#### [Task brief]
Beginning with the line below that contains "class chilbert_space = complex_inner" and ending with the line that contains "(\<exists>D::'a set. countable", copy every line exactly. Copy nothing else.

#### [Dataset entries]
lemma sym_transfer_resolvent:
  assumes "\<And>x. 0 \<le> Q x"
  shows "sym_transfer Q A \<phi> (\<lambda>y. \<Sum>k=1..N. sym_path_weight \<phi> Q A k y / t^k) y
       = (\<Sum>k=1..N. sym_path_weight \<phi> Q A (Suc k) y / t^k)"
proof -
  have "sym_transfer Q A \<phi> (\<lambda>y. \<Sum>k=1..N. (1 / t^k) * sym_path_weight \<phi> Q A k y) y
      = (\<Sum>k=1..N. (1 / t^k) * sym_transfer Q A \<phi> (sym_path_weight \<phi> Q A k) y)"
    by (rule sym_transfer_lincomb)
  also have "\<dots> = (\<Sum>k=1..N. sym_path_weight \<phi> Q A (Suc k) y / t^k)"
    using sym_path_weight_Suc[where Q = Q, OF assms] by (intro sum.cong) auto
  finally show ?thesis
    by simp
qed

lemma sym_path_weight_eq_0:
  "finite A \<Longrightarrow> y \<notin> nat_combinations A n \<Longrightarrow> sym_path_weight \<phi> Q A n y = 0"
  unfolding sym_path_weight_def by (simp add: path_weight_eq_0)

lemma sum_sq_sym_path_weight_one_le:
  fixes M :: real
  assumes "finite A" and "finite U"
    and \<phi>: "\<And>x. 0 \<le> \<phi> x" "\<And>x. \<phi> x \<le> 1" and Q: "\<And>x. 0 \<le> Q x" "\<And>x. Q x \<le> M"
  shows "(\<Sum>y\<in>U. (sym_path_weight \<phi> Q A 1 y)\<^sup>2) \<le> card A * M"
proof -
  have "(sym_path_weight \<phi> Q A 1 y)\<^sup>2 \<le> (if y \<in> A then M else 0)" for y
  proof (cases "y \<in> A")
    case True
    have "(sym_path_weight \<phi> Q A 1 y)\<^sup>2 = (\<phi> y)\<^sup>2 * Q y"
      unfolding sym_path_weight_one[where Q = Q, OF \<open>finite A\<close> Q(1)] using True Q(1)[of y]
      by (simp add: power_mult_distrib)
    also have "\<dots> \<le> 1 * M"
      using \<phi>[of y] Q[of y] by (intro mult_mono power_le_one) auto
    finally show ?thesis
      using True by simp
  qed (use sym_path_weight_one[where Q = Q, OF \<open>finite A\<close> Q(1), of \<phi> y] in simp)
  then have "(\<Sum>y\<in>U. (sym_path_weight \<phi> Q A 1 y)\<^sup>2) \<le> (\<Sum>y\<in>U. if y \<in> A then M else 0)"
    by (rule sum_mono)
  also have "\<dots> = card (U \<inter> A) * M"
    using \<open>finite U\<close> by (simp add: sum.inter_restrict[symmetric])
  also have "\<dots> \<le> card A * M"
    using Q[of 0] \<open>finite A\<close> by (intro mult_right_mono) (auto intro: card_mono)
  finally show ?thesis .
qed
(* $\mathbf\Delta$ is an open subset of $\mathcal P(\mathcal H)\times\mathcal P(\mathcal H)$ (for the operator norm topology); in particular $\mathbf\Delta$ is a submanifold of $\mathcal P(\mathcal H)\times\mathcal P(\mathcal H)$.
   Context: $\mathcal H$ is a separable infinite-dimensional complex Hilbert space, $\mathcal B(\mathcal H)$ the bounded operators, $\mathcal P(\mathcal H)=\{P\in\mathcal B(\mathcal H):P=P^2=P^*\}$ with the norm topology (a $C^\infty$ submanifold of $\mathcal B(\mathcal H)$). For a closed subspace $\mathcal S$, $P_{\mathcal S}$ denotes the orthogonal projection onto $\mathcal S$. Two closed subspaces $\mathcal S,\mathcal T$ have a common complement if there is a closed subspace $\mathcal Z$ with $\mathcal S\cap\mathcal Z=\mathcal T\cap\mathcal Z=\{0\}$ and $\mathcal S+\mathcal Z=\mathcal T+\mathcal Z=\mathcal H$. $\mathbf\Delta=\{(P_{\mathcal S},P_{\mathcal T})\in\mathcal P(\mathcal H)\times\mathcal P(\mathcal H):\mathcal S,\mathcal T\text{ have a common complement}\}$. *)

theory Defs
  imports "HOL-Analysis.Analysis"
begin

class complex_vector = real_vector +
  fixes scaleC :: "complex \<Rightarrow> 'a \<Rightarrow> 'a" (infixr \<open>*\<^sub>C\<close> 75)
  assumes scaleC_add_right: "a *\<^sub>C (x + y) = a *\<^sub>C x + a *\<^sub>C y"
    and scaleC_add_left: "(a + b) *\<^sub>C x = a *\<^sub>C x + b *\<^sub>C x"
    and scaleC_scaleC: "a *\<^sub>C (b *\<^sub>C x) = (a * b) *\<^sub>C x"
    and scaleC_one: "1 *\<^sub>C x = x"
    and scaleC_of_real: "(complex_of_real r) *\<^sub>C x = r *\<^sub>R x"

class complex_inner = complex_vector + real_normed_vector +
  fixes cinner :: "'a \<Rightarrow> 'a \<Rightarrow> complex"
  assumes cinner_commute: "cinner x y = cnj (cinner y x)"
    and cinner_add_left: "cinner (x + y) z = cinner x z + cinner y z"
    and cinner_scaleC_left: "cinner (a *\<^sub>C x) y = cnj a * cinner x y"
    and cinner_norm: "cinner x x = complex_of_real ((norm x)\<^sup>2)"

class chilbert_space = complex_inner + complete_space

definition cspan :: "'a::complex_vector set \<Rightarrow> 'a set" where
  "cspan S = {(\<Sum>s\<in>F. c s *\<^sub>C s) | F c. finite F \<and> F \<subseteq> S}"

definition separable_space :: "'a::topological_space itself \<Rightarrow> bool" where
  "separable_space _ \<longleftrightarrow> (\<exists>D::'a set. countable D \<and> closure D = UNIV)"

definition infinite_dimensional :: "'a::complex_vector itself \<Rightarrow> bool" where
  "infinite_dimensional _ \<longleftrightarrow> \<not> (\<exists>S::'a set. finite S \<and> cspan S = UNIV)"

definition closed_csubspace :: "'a::{complex_vector,topological_space} set \<Rightarrow> bool" where
  "closed_csubspace Z \<longleftrightarrow> closed Z \<and> 0 \<in> Z \<and> (\<forall>x\<in>Z. \<forall>y\<in>Z. x + y \<in> Z)
     \<and> (\<forall>c. \<forall>x\<in>Z. c *\<^sub>C x \<in> Z)"

text \<open>The set of orthogonal projections in B(H): complex-linear bounded operators P
  with P^2 = P and P^* = P.  Bounded operators are elements of the type of bounded
  (real-)linear maps carrying the operator norm, restricted to complex-linear ones.\<close>
definition orth_projections :: "('a::complex_inner \<Rightarrow>\<^sub>L 'a) set" where
  "orth_projections = {P::'a \<Rightarrow>\<^sub>L 'a. (\<forall>c x. blinfun_apply P (c *\<^sub>C x) = c *\<^sub>C blinfun_apply P x)
      \<and> P o\<^sub>L P = P \<and> (\<forall>x y. cinner (blinfun_apply P x) y = cinner x (blinfun_apply P y))}"

definition common_complement :: "'a::{complex_vector,topological_space} set \<Rightarrow> 'a set \<Rightarrow> bool" where
  "common_complement S T \<longleftrightarrow> (\<exists>Z. closed_csubspace Z \<and> S \<inter> Z = {0} \<and> T \<inter> Z = {0}
     \<and> {s + z | s z. s \<in> S \<and> z \<in> Z} = UNIV \<and> {t + z | t z. t \<in> T \<and> z \<in> Z} = UNIV)"

text \<open>Delta: pairs (P_S, P_T) of orthogonal projections whose ranges S, T have a common
  complement (the range of an orthogonal projection P_S is S).\<close>
definition Delta :: "(('a::complex_inner \<Rightarrow>\<^sub>L 'a) \<times> ('a \<Rightarrow>\<^sub>L 'a)) set" where
  "Delta = {(P, Q). P \<in> orth_projections \<and> Q \<in> orth_projections
      \<and> common_complement (range (blinfun_apply P)) (range (blinfun_apply Q))}"

end

theory Submission
  imports Defs
begin

text \<open>
  Let \<open>Z\<close> be a closed common complement of \<open>S = ran P\<close> and \<open>T = ran Q\<close>. By the Baire category
  theorem the projection onto \<open>S\<close> along \<open>Z\<close> is bounded, say by \<open>K\<close>. If \<open>P'\<close> is an idempotent
  with \<open>\<parallel>P' - P\<parallel> < 1/(K + 1)\<close>, then \<open>Z\<close> is still a complement of \<open>ran P'\<close>: a vector of
  \<open>ran P' \<inter> Z\<close> is moved by \<open>P\<close> by a relatively small amount, which a bounded projection
  forbids unless it is \<open>0\<close>, and \<open>ran P' + Z\<close> is everything by a contraction argument. Hence
  for each \<open>Z\<close> the pairs of projections whose ranges are complemented by \<open>Z\<close> form an open set,
  and \<open>\<Delta>\<close> is the union of these sets.
\<close>

lemma Baire_closed_cover:
  fixes F :: "nat \<Rightarrow> 'a::{real_normed_vector,complete_space} set"
  assumes closed: "\<And>n. closed (F n)" and cover: "(\<Union>n. F n) = UNIV"
  shows "\<exists>n. interior (F n) \<noteq> {}"
proof (rule ccontr)
  assume "\<nexists>n. interior (F n) \<noteq> {}"
  then have "euclidean interior_of (\<Union>(range F)) = {}"
    using Baire_category_alt[of euclidean "range F"] completely_metrizable_space_euclidean closed
    by auto
  then show False
    using cover by simp
qed
lemma prob_strict_emb_linear_distortion:
  assumes M: "prob_strict_emb nat_dist M" and "0 < m"
  shows "\<exists>\<sigma>. width \<sigma> = 3 \<and> card (points \<sigma>) = m + 2 \<and>
    (\<forall>lam. prob_distortion nat_dist M \<sigma> lam \<longrightarrow> 1 + real m / 2 \<le> lam)"
proof -
  \<comment> \<open>every halving raises the ratio of expected to true distance by 1/2\<close>
  let ?Q = "\<lambda>j s lo. ennreal ((1 + (real m - real j) / 2) * 2 ^ j) \<le> expected_dist M s lo (lo + 2 ^ j)"
  have "ennreal (nat_dist 0 (2 ^ m)) \<le> expected_dist M [(0, True), (2 ^ m, True)] 0 (2 ^ m)"
    by (rule prob_strict_emb_expected_dominates[OF M]) (auto simp: alive_def)
  then have start: "?Q m [(0, True), (2 ^ m, True)] 0"
    using nat_dist_shift(1)[of 0 "2 ^ m"] by simp
  have halve: "?Q j (s @ [(lo + 2 ^ j, True), (lo + 2 * 2 ^ j, False)]) lo \<or>
      ?Q j (s @ [(lo + 2 ^ j, True), (lo, False)]) (lo + 2 ^ j)"
    if "j < m" "?Q (Suc j) s lo" "alive s = {lo, lo + 2 * 2 ^ j}" for j s lo
  proof -
    have midpoint: "lo + 2 ^ j + 2 ^ j = lo + 2 * 2 ^ j"
      by simp
    have "min (nat_dist lo (lo + 2 ^ j)) (nat_dist (lo + 2 ^ j) (lo + 2 * 2 ^ j)) = 2 ^ j"
      unfolding midpoint[symmetric] nat_dist_shift by simp
    then have sum: "expected_dist M s lo (lo + 2 * 2 ^ j) + ennreal (2 ^ j)
      \<le> expected_dist M (s @ [(lo + 2 ^ j, True), (lo + 2 * 2 ^ j, False)]) lo (lo + 2 ^ j)
        + expected_dist M (s @ [(lo + 2 ^ j, True), (lo, False)]) (lo + 2 ^ j) (lo + 2 * 2 ^ j)"
      using prob_strict_emb_bisect[OF M metric_on_nat_dist that(3), of "lo + 2 ^ j"] by simp
    have "2 * ((1 + (real m - real j) / 2) * 2 ^ j)
        = (1 + (real m - real (Suc j)) / 2) * 2 ^ Suc j + 2 ^ j"
      by (simp add: field_simps)
    moreover have "0 \<le> (1 + (real m - real (Suc j)) / 2) * 2 ^ Suc j"
      using \<open>j < m\<close> by simp
    ultimately have "ennreal (2 * ((1 + (real m - real j) / 2) * 2 ^ j))
      = ennreal ((1 + (real m - real (Suc j)) / 2) * 2 ^ Suc j) + ennreal (2 ^ j)"
      by simp
    also have "\<dots> \<le> expected_dist M s lo (lo + 2 * 2 ^ j) + ennreal (2 ^ j)"
      using that(2) by (simp add: add_right_mono)
    finally show ?thesis
      using ennreal_add_ge_doubleD sum unfolding midpoint by (meson order_trans)
  qed
  obtain s lo where Q: "?Q 0 s lo" and alive: "alive s = {lo, lo + 1}"
    and "width s = 3" "card (points s) = m + 2"
    using bisection_adversary[of m ?Q, OF \<open>0 < m\<close> start halve] by blast
  moreover have "1 + real m / 2 \<le> lam" if "prob_distortion nat_dist M s lam" for lam
  proof -
    have "ennreal (1 + real m / 2) \<le> ennreal lam"
      using Q prob_distortionD[OF that, of lo "lo + 1"] alive by (simp add: nat_dist_def)
    then show ?thesis
      unfolding ennreal_le_iff2 by (auto simp: add_pos_nonneg)
  qed
  ultimately show ?thesis
    by blast
qed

#### [Your solution]
class chilbert_space = complex_inner + complete_space

definition cspan :: "'a::complex_vector set \<Rightarrow> 'a set" where
  "cspan S = {(\<Sum>s\<in>F. c s *\<^sub>C s) | F c. finite F \<and> F \<subseteq> S}"

definition separable_space :: "'a::topological_space itself \<Rightarrow> bool" where
  "separable_space _ \<longleftrightarrow> (\<exists>D::'a set. countable D \<and> closure D = UNIV)"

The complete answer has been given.